The Introduction to "Machine Learning in Javascript" post provides a nice introduction and context for this post and the rest of the series.

Genetic algorithms are inspired by nature and evolution, which is seriously cool to me. It's no surprise, either, that artificial neural networks ("NN") are also modeled from biology: evolution is the best general-purpose learning algorithm we've experienced, and the brain is the best general-purpose problem solver we know. These are two very important pieces of our biological existence, and also two rapidly growing fields of artificial intelligence and machine learning study. While I'm tempted to talk more about the distinction I make between the GA's "learning algorithm" and the NN's "problem solver" terminology, we'll drop the topic of NNs altogether and concentrate on GAs... for now.

One phrase I used above is profoundly important: "general-purpose". For almost any specific computational problem, you can probably find an algorithm that solves it more efficiently than a GA. But that's not the point of this exercise, and it's also not the point of GAs. You use the GA not when you have a complex problem, but when you have a complex problem of problems. Or you may use it when you have a complicated set of disparate parameters.

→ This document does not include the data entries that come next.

lemma summable_on_if_norm_sq_le:
  fixes f :: "'i \<Rightarrow> 'b::banach" and g :: "'i \<Rightarrow> real"
  assumes g: "g summable_on A" and g_nonneg: "\<And>x. x \<in> A \<Longrightarrow> g x \<ge> 0"
    and le: "\<And>G. finite G \<Longrightarrow> G \<subseteq> A \<Longrightarrow> (norm (sum f G))\<^sup>2 \<le> sum g G"
  shows "f summable_on A"
proof (rule summable_on_if_small_tails)
  fix \<epsilon> :: real assume "\<epsilon> > 0"
  then obtain F0 where F0: "finite F0" "F0 \<subseteq> A" and approx: "dist (sum g F0) (infsum g A) \<le> \<epsilon>\<^sup>2 / 2"
    using infsum_finite_approximation[OF g, of "\<epsilon>\<^sup>2 / 2"] by auto
  have "norm (sum f G) < \<epsilon>" if G: "finite G" "G \<subseteq> A - F0" for G
  proof -
    have "sum g F0 + sum g G = sum g (F0 \<union> G)"
      using F0 G by (subst sum.union_disjoint) auto
    also have "\<dots> \<le> infsum g A"
      using F0 G g_nonneg by (intro finite_sum_le_infsum g) auto
    finally have "sum g G \<le> \<epsilon>\<^sup>2 / 2"
      using approx unfolding dist_real_def by arith
    moreover have "(norm (sum f G))\<^sup>2 \<le> sum g G"
      using G by (intro le) auto
    ultimately have "(norm (sum f G))\<^sup>2 < \<epsilon>\<^sup>2"
      using zero_less_power[OF \<open>\<epsilon> > 0\<close>, of 2] by linarith
    then show ?thesis
      using \<open>\<epsilon> > 0\<close> by (simp add: power_less_imp_less_base)
  qed
  then show "\<exists>F0. finite F0 \<and> F0 \<subseteq> A \<and> (\<forall>G. finite G \<and> G \<subseteq> A - F0 \<longrightarrow> norm (sum f G) < \<epsilon>)"
    using F0 by blast
qed

lemma has_sum_iterated_swap:
  fixes q :: "'x \<Rightarrow> 'y \<Rightarrow> 'b::{topological_comm_monoid_add, t3_space}"
  assumes q: "(\<lambda>(x, y). q x y) summable_on A \<times> B"
    and rows: "\<And>x. x \<in> A \<Longrightarrow> (q x has_sum r x) B"
    and cols: "\<And>y. y \<in> B \<Longrightarrow> ((\<lambda>x. q x y) has_sum c y) A"
  obtains t where "(r has_sum t) A" and "(c has_sum t) B"
proof -
  obtain t where t: "((\<lambda>(x, y). q x y) has_sum t) (A \<times> B)"
    using q unfolding summable_on_def by blast
  have "(r has_sum t) A"
    by (rule has_sum_SigmaD[OF t]) (use rows in auto)
  moreover have "((\<lambda>(y, x). q x y) has_sum t) (B \<times> A)"
    using t by (subst (asm) has_sum_swap) simp
  then have "(c has_sum t) B"
    by (rule has_sum_SigmaD) (use cols in auto)
  ultimately show ?thesis
    by (rule that)
qed
(* Let $k\geq 0$ be an integer and let $G$ be a graph all of whose internal vertices are of type $0$ or $1$, such that $G_0$ is non-null, and let $n_0$ be the maximum number of vertices of a connected component of $G_0$. Then $\mu_\alpha(G)\leq k$ if and only if $\mu_\alpha(G_0)\leq k$ and for every independent set $I$ in $G_1$ of size at most $(k+1)n_0$ it holds that $\alpha(G_0)-i(G_0-N(I))\leq k$.
   Context: All graphs are finite and simple; the null graph (no vertices) is allowed. For a graph $H$, $\alpha(H)$ is the maximum size of an independent set, $i(H)$ the minimum size of an inclusion-maximal independent set (both $0$ for the null graph), and $\mu_\alpha(H)=\alpha(H)-i(H)$ is the independence gap. $N(I)=\bigcup_{v\in I}N(v)$ and $G_0-N(I)$ is obtained from $G_0$ by deleting the vertices of $N(I)$. Types of vertices: let $U$ be the set of vertices of $G$ whose connected component is a complete graph. In $G-U$, vertices of degree $1$ are leaves and the others are internal vertices. An internal vertex adjacent to exactly $k$ leaves is of type $k$; every vertex of $U$ is of type $0$. $G_i$ denotes the subgraph of $G$ induced by all vertices of type $i$. *)

theory Defs
  imports Main
begin

text \<open>All notions below are relativised to the
vertex set, so the subgraph of (V,E) induced by S \<subseteq> V is simply (S,E).\<close>

definition graph :: "'a set \<Rightarrow> ('a \<Rightarrow> 'a \<Rightarrow> bool) \<Rightarrow> bool" where
  "graph V E \<longleftrightarrow> finite V \<and> (\<forall>x y. E x y \<longrightarrow> E y x) \<and> (\<forall>x. \<not> E x x)"

definition indep_set :: "'a set \<Rightarrow> ('a \<Rightarrow> 'a \<Rightarrow> bool) \<Rightarrow> 'a set \<Rightarrow> bool" where
  "indep_set V E S \<longleftrightarrow> S \<subseteq> V \<and> (\<forall>x\<in>S. \<forall>y\<in>S. \<not> E x y)"

definition maximal_indep_set :: "'a set \<Rightarrow> ('a \<Rightarrow> 'a \<Rightarrow> bool) \<Rightarrow> 'a set \<Rightarrow> bool" where
  "maximal_indep_set V E S \<longleftrightarrow> indep_set V E S \<and>
     (\<forall>T. indep_set V E T \<and> S \<subseteq> T \<longrightarrow> T = S)"

definition alpha :: "'a set \<Rightarrow> ('a \<Rightarrow> 'a \<Rightarrow> bool) \<Rightarrow> nat" where
  "alpha V E = Max (card ` {S. indep_set V E S})"

definition indep_dom :: "'a set \<Rightarrow> ('a \<Rightarrow> 'a \<Rightarrow> bool) \<Rightarrow> nat" where
  "indep_dom V E = Min (card ` {S. maximal_indep_set V E S})"

definition mu_alpha :: "'a set \<Rightarrow> ('a \<Rightarrow> 'a \<Rightarrow> bool) \<Rightarrow> int" where
  "mu_alpha V E = int (alpha V E) - int (indep_dom V E)"

definition nbhd :: "'a set \<Rightarrow> ('a \<Rightarrow> 'a \<Rightarrow> bool) \<Rightarrow> 'a \<Rightarrow> 'a set" where
  "nbhd V E v = {u \<in> V. E v u}"

definition nbhd_set :: "'a set \<Rightarrow> ('a \<Rightarrow> 'a \<Rightarrow> bool) \<Rightarrow> 'a set \<Rightarrow> 'a set" where
  "nbhd_set V E I = (\<Union>v\<in>I. nbhd V E v)"

definition comp :: "'a set \<Rightarrow> ('a \<Rightarrow> 'a \<Rightarrow> bool) \<Rightarrow> 'a \<Rightarrow> 'a set" where
  "comp V E v = {u \<in> V. (\<lambda>x y. E x y \<and> x \<in> V \<and> y \<in> V)\<^sup>*\<^sup>* v u}"

definition Uset :: "'a set \<Rightarrow> ('a \<Rightarrow> 'a \<Rightarrow> bool) \<Rightarrow> 'a set" where
  "Uset V E = {v \<in> V. \<forall>x\<in>comp V E v. \<forall>y\<in>comp V E v. x \<noteq> y \<longrightarrow> E x y}"

definition leaf :: "'a set \<Rightarrow> ('a \<Rightarrow> 'a \<Rightarrow> bool) \<Rightarrow> 'a \<Rightarrow> bool" where
  "leaf V E v \<longleftrightarrow> v \<in> V - Uset V E \<and> card (nbhd (V - Uset V E) E v) = 1"

definition internal :: "'a set \<Rightarrow> ('a \<Rightarrow> 'a \<Rightarrow> bool) \<Rightarrow> 'a \<Rightarrow> bool" where
  "internal V E v \<longleftrightarrow> v \<in> V - Uset V E \<and> card (nbhd (V - Uset V E) E v) \<noteq> 1"

definition has_type :: "'a set \<Rightarrow> ('a \<Rightarrow> 'a \<Rightarrow> bool) \<Rightarrow> nat \<Rightarrow> 'a \<Rightarrow> bool" where
  "has_type V E k v \<longleftrightarrow> (v \<in> Uset V E \<and> k = 0) \<or>
     (internal V E v \<and> card {u \<in> V. leaf V E u \<and> E v u} = k)"

definition type_set :: "'a set \<Rightarrow> ('a \<Rightarrow> 'a \<Rightarrow> bool) \<Rightarrow> nat \<Rightarrow> 'a set" where
  "type_set V E k = {v \<in> V. has_type V E k v}"

end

One application that comes to mind is bipedal robot walking. It's damn hard to make robots walk on two legs. Hand-coding a walking routine will almost certainly fail. Even if you succeed in making a robot walk, the next robot that comes off the line might have a slightly different center of balance, and that algorithm you slaved over no longer works. Instead of enduring the inevitable heartbreak, you might use a GA to "teach the robot to learn to walk" rather than simply "teaching the robot to walk".

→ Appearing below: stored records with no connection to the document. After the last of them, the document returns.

theorem corollary2:
  fixes P E :: "('n::finite) op set" and eps :: real
  assumes eps: "0 \<le> eps" "eps < 1"
    and PE: "P \<subseteq> density" "E \<subseteq> density"
    and inter: "convex hull P \<inter> affine hull E \<noteq> {}"
  shows "(\<forall>M>1. (\<exists>L. converts P E eps M L) \<longleftrightarrow> eps \<ge> 1 - 1 / M)
       \<and> ((\<exists>M>1. \<exists>L. converts P E eps M L) \<longrightarrow>
            1 / (1 - eps) > 1
          \<and> converts P E eps (1 / (1 - eps)) (\<lambda>X. cscale (trace X) (gibbs_battery (1 / (1 - eps))))
          \<and> (\<forall>M>1. (\<exists>L. converts P E eps M L) \<longrightarrow> M \<le> 1 / (1 - eps))
          \<and> (\<forall>beta>0. \<forall>(HS::'n op) (HB::2 op). hermitian HS \<and> is_gibbs beta HB (gibbs_battery (1 / (1 - eps)))
               \<longrightarrow> thermal_operation TYPE(2) TYPE('n) beta HS HB
                     (\<lambda>X. cscale (trace X) (gibbs_battery (1 / (1 - eps))))))"
proof -
  have threshold: "(\<exists>L. converts P E eps M L) \<longleftrightarrow> 1 - 1 / M \<le> eps" if "1 < M" for M
    using converts_imp_eps_ge[OF _ inter] converts_replacement[of M eps P E] that PE by auto
  show ?thesis
  proof (intro conjI allI impI)
    fix M :: real
    assume "1 < M"
    with threshold show "(\<exists>L. converts P E eps M L) \<longleftrightarrow> eps \<ge> 1 - 1 / M"
      by simp
  next
    assume "\<exists>M>1. \<exists>L. converts P E eps M L"
    with threshold obtain M where "1 < M" and "1 - 1 / M \<le> eps"
      by blast
    moreover from \<open>1 < M\<close> have "1 / M < 1"
      by simp
    ultimately have "0 < eps"
      by linarith
    with eps show "1 / (1 - eps) > 1"
      by simp
  next
    show "converts P E eps (1 / (1 - eps)) (\<lambda>X. cscale (trace X) (gibbs_battery (1 / (1 - eps))))"
      using eps PE by (intro converts_replacement) auto
  next
    fix M :: real
    assume "1 < M" and "\<exists>L. converts P E eps M L"
    with threshold have "1 - 1 / M \<le> eps"
      by blast
    with eps \<open>1 < M\<close> show "M \<le> 1 / (1 - eps)"
      by (simp add: field_simps)
  next
    fix beta :: real and HS :: "'n op" and HB :: "2 op"
    assume "hermitian HS \<and> is_gibbs beta HB (gibbs_battery (1 / (1 - eps)))"
    then show "thermal_operation TYPE(2) TYPE('n) beta HS HB
        (\<lambda>X. cscale (trace X) (gibbs_battery (1 / (1 - eps))))"
      by (blast intro: thermal_operation_replacement)
  qed
qed

end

Let's build a GA in Javascript.

If you want to learn a whole lot more about machine learning, try my book Hands-on Machine Learning in JavaScript.

The Problem

Build a genetic algorithm in Javascript that reproduces the text "Hello, World!".

Naturally, everything starts with "Hello, World!" and so building a GA to reproduce that phrase is apropos. Note that this problem is highly contrived. At one point we're even going to type the phrase "Hello, World!" into the source code! Now that seems silly -- if you know the desired result, why program the algorithm in the first place? The answer is simple: this is a learning exercise. The next GA exercise (which will be in PHP) will be a little less contrived, but we need to start somewhere.

Genetic Algorithm Basics

The basic approach to GAs is to generate a bunch of "answer candidates" and use some sort of feedback to figure out how close the candidate is to optimal. Far-from-optimal candidates literally die and are never seen again. Close-to-optimal candidates combine with each other and maybe mutate slightly; this is an attempt to modify the candidates from time to time and see if they get closer to optimal or farther from optimal.

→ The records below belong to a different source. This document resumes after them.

lemma objective_le_equitable:
  assumes feas: "feasible n S C D bs b" and "0 \<le> \<theta>" and "U \<subseteq> {1..n}"
    and binding: "\<And>i. i \<in> {1..n} - U \<Longrightarrow> max_fill C D i \<le> \<beta>"
    and penalty: "real (card U) \<le> \<theta> * (real n - real (card U))"
  shows "objective n \<theta> bs b \<le> real n * \<beta>"
proof (cases "b \<le> \<beta>")
  case True
  have "objective n \<theta> bs b \<le> (\<Sum>i\<in>{1..n}. \<beta>)"
    unfolding objective_def
  proof (rule sum_mono)
    fix i assume "i \<in> {1..n}"
    then have "bs i \<le> b" using feas by (simp add: feasible_def)
    then have "0 \<le> \<theta> * (b - bs i)" using \<open>0 \<le> \<theta>\<close> by simp
    then show "bs i - \<theta> * (b - bs i) \<le> \<beta>"
      using \<open>bs i \<le> b\<close> True by linarith
  qed
  then show ?thesis by simp
next
  case False
  have "objective n \<theta> bs b \<le> (\<Sum>i\<in>{1..n}. \<beta> + (b - \<beta>) * (if i \<in> U then 1 else - \<theta>))"
    unfolding objective_def
  proof (rule sum_mono)
    fix i assume i: "i \<in> {1..n}"
    then have "bs i \<le> b" "bs i \<le> max_fill C D i" using feas by (auto simp: feasible_def)
    show "bs i - \<theta> * (b - bs i) \<le> \<beta> + (b - \<beta>) * (if i \<in> U then 1 else - \<theta>)"
    proof (cases "i \<in> U")
      case True
      have "0 \<le> \<theta> * (b - bs i)" using \<open>0 \<le> \<theta>\<close> \<open>bs i \<le> b\<close> by simp
      then have "bs i - \<theta> * (b - bs i) \<le> b" using \<open>bs i \<le> b\<close> by linarith
      with True show ?thesis by simp
    next
      case False
      then have "bs i \<le> \<beta>"
        using binding i \<open>bs i \<le> max_fill C D i\<close> by fastforce
      then have "(1 + \<theta>) * bs i \<le> (1 + \<theta>) * \<beta>"
        using \<open>0 \<le> \<theta>\<close> by (intro mult_left_mono) auto
      with False show ?thesis by (simp add: algebra_simps)
    qed
  qed
  also have "\<dots> = real n * \<beta> + (b - \<beta>) * (real (card U) - \<theta> * (real n - real (card U)))"
    using sum_level_plus_if_mem[OF \<open>U \<subseteq> {1..n}\<close>] .
  also have "\<dots> \<le> real n * \<beta>"
    using False penalty by (simp add: mult_nonneg_nonpos)
  finally show ?thesis .
qed

lemma feasible_raise:
  assumes "0 \<le> \<beta>" "0 \<le> \<epsilon>" and D_nonneg: "\<And>i. i \<in> {1..n} \<Longrightarrow> 0 \<le> D i"
    and total_supply: "(\<beta> + \<epsilon>) * (\<Sum>i\<in>{1..n}. D i) \<le> S"
    and "\<And>i. i \<in> {1..n} \<Longrightarrow> \<beta> \<le> max_fill C D i"
    and "\<And>i. i \<in> U \<Longrightarrow> \<beta> + \<epsilon> \<le> max_fill C D i"
    and "\<beta> + \<epsilon> \<le> 1"
  shows "feasible n S C D (\<lambda>i. \<beta> + (if i \<in> U then \<epsilon> else 0)) (\<beta> + \<epsilon>)"
proof -
  have "(\<Sum>i\<in>{1..n}. (\<beta> + (if i \<in> U then \<epsilon> else 0)) * D i) \<le> (\<Sum>i\<in>{1..n}. (\<beta> + \<epsilon>) * D i)"
    using D_nonneg \<open>0 \<le> \<epsilon>\<close> by (intro sum_mono mult_right_mono) auto
  also have "\<dots> \<le> S"
    using total_supply by (simp add: sum_distrib_left)
  finally show ?thesis
    using assms unfolding feasible_def by auto
qed

lemma objective_raise:
  assumes "U \<subseteq> {1..n}"
  shows "objective n \<theta> (\<lambda>i. \<beta> + (if i \<in> U then \<epsilon> else 0)) (\<beta> + \<epsilon>)
           = real n * \<beta> + \<epsilon> * (real (card U) - \<theta> * (real n - real (card U)))"
  unfolding objective_def sum_level_plus_if_mem[OF assms, symmetric]
  by (intro sum.cong) (auto simp: algebra_simps)

lemma feasible_const_iff:
  "feasible n S C D (\<lambda>_. b) b \<longleftrightarrow>
     b * (\<Sum>i\<in>{1..n}. D i) \<le> S \<and> (\<forall>i\<in>{1..n}. b \<le> max_fill C D i) \<and> 0 \<le> b \<and> b \<le> 1"
  unfolding feasible_def by (simp add: sum_distrib_left) blast

definition unbinding :: "nat \<Rightarrow> real \<Rightarrow> (nat \<Rightarrow> real) \<Rightarrow> (nat \<Rightarrow> real) \<Rightarrow> nat set" where
  "unbinding n S C D = {i \<in> {1..n}. beta_EQ n S C D < max_fill C D i}"

lemma unbinding_subset: "unbinding n S C D \<subseteq> {1..n}"
  by (auto simp: unbinding_def)

lemma theta_U_eq:
  "theta_U n S C D = real (card (unbinding n S C D)) / (real n - real (card (unbinding n S C D)))"
  by (simp add: theta_U_def m_U_def unbinding_def)

context
  fixes n :: nat and S :: real and C D :: "nat \<Rightarrow> real"
  assumes n_pos: "n \<ge> 1" and S_nonneg: "S \<ge> 0"
    and C_pos: "\<And>i. i \<in> {1..n} \<Longrightarrow> C i > 0" and D_pos: "\<And>i. i \<in> {1..n} \<Longrightarrow> D i > 0"
begin

lemma demand_total_pos: "0 < (\<Sum>i\<in>{1..n}. D i)"
  using n_pos D_pos by (intro sum_pos) auto

lemma feasible_const_iff_le_equitable_bound:
  assumes "0 \<le> b"
  shows "feasible n S C D (\<lambda>_. b) b \<longleftrightarrow>
           b \<le> min (Min (max_fill C D ` {1..n})) (S / (\<Sum>i\<in>{1..n}. D i))"
proof -
  have "1 \<in> {1..n}" using n_pos by simp
  have fill_iff: "(\<forall>i\<in>{1..n}. b \<le> max_fill C D i) \<longleftrightarrow> b \<le> Min (max_fill C D ` {1..n})"
    using \<open>1 \<in> {1..n}\<close> by (auto simp: Min_ge_iff)
  have supply_iff: "b * (\<Sum>i\<in>{1..n}. D i) \<le> S \<longleftrightarrow> b \<le> S / (\<Sum>i\<in>{1..n}. D i)"
    using demand_total_pos by (simp add: pos_le_divide_eq)
  have "b \<le> 1" if "b \<le> Min (max_fill C D ` {1..n})"
  proof -
    have "b \<le> max_fill C D 1"
      using that fill_iff \<open>1 \<in> {1..n}\<close> by blast
    also have "\<dots> \<le> 1"
      using D_pos[OF \<open>1 \<in> {1..n}\<close>] by (rule max_fill_le_1)
    finally show ?thesis .
  qed
  then show ?thesis
    unfolding feasible_const_iff fill_iff supply_iff min.bounded_iff using \<open>0 \<le> b\<close> by blast
qed

lemma equitable_bound_nonneg: "0 \<le> min (Min (max_fill C D ` {1..n})) (S / (\<Sum>i\<in>{1..n}. D i))"
proof -
  have "\<forall>i\<in>{1..n}. 0 \<le> max_fill C D i"
    using max_fill_pos C_pos D_pos less_imp_le by blast
  then have "0 \<le> Min (max_fill C D ` {1..n})"
    using n_pos by (simp add: Min_ge_iff)
  moreover have "0 \<le> S / (\<Sum>i\<in>{1..n}. D i)"
    using D_pos by (intro divide_nonneg_nonneg S_nonneg sum_nonneg) (simp add: less_imp_le)
  ultimately show ?thesis by simp
qed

These "answer candidates" are called ~~genes~~ chromosomes. (Note: my terminology here was incorrect. Genes are technically the individual characters of the solution candidate, while the whole thing is called a chromosome. Semantics are important!)

Chromosomes mate, produce offspring, and mutate. They either die due to survival of the fittest, or are allowed to produce offspring who may have more desirable traits and adhere to natural selection.

This may be a strange way to think about solving for "Hello, World!" but stick with it. This example isn't the only problem that can be solved with GAs!

The Chromosome

The chromosome is a representation of a solution candidate. In our case, the chromosome itself is a string. Let's assume that all chromosomes have a length of 13 characters (the same as "Hello, World!"). Here are some possible chromosomes that could be solution candidates for our problem:

Gekmo+ xosmd!
Gekln, worle"
Fello, wosld!
Gello, wprld!
Hello, world!

Obviously that last one is the "correct" (or globally-optimum) chromosome. But how do we measure the optimality of a chromosome?

Cost Function

The cost function (or error function, or fitness function as the inverse) is some sort of measure of the optimality of a chromosome. If we're calling it "fitness function" then we're shooting for higher scores, and if we're using "cost function" then we're looking for low scores.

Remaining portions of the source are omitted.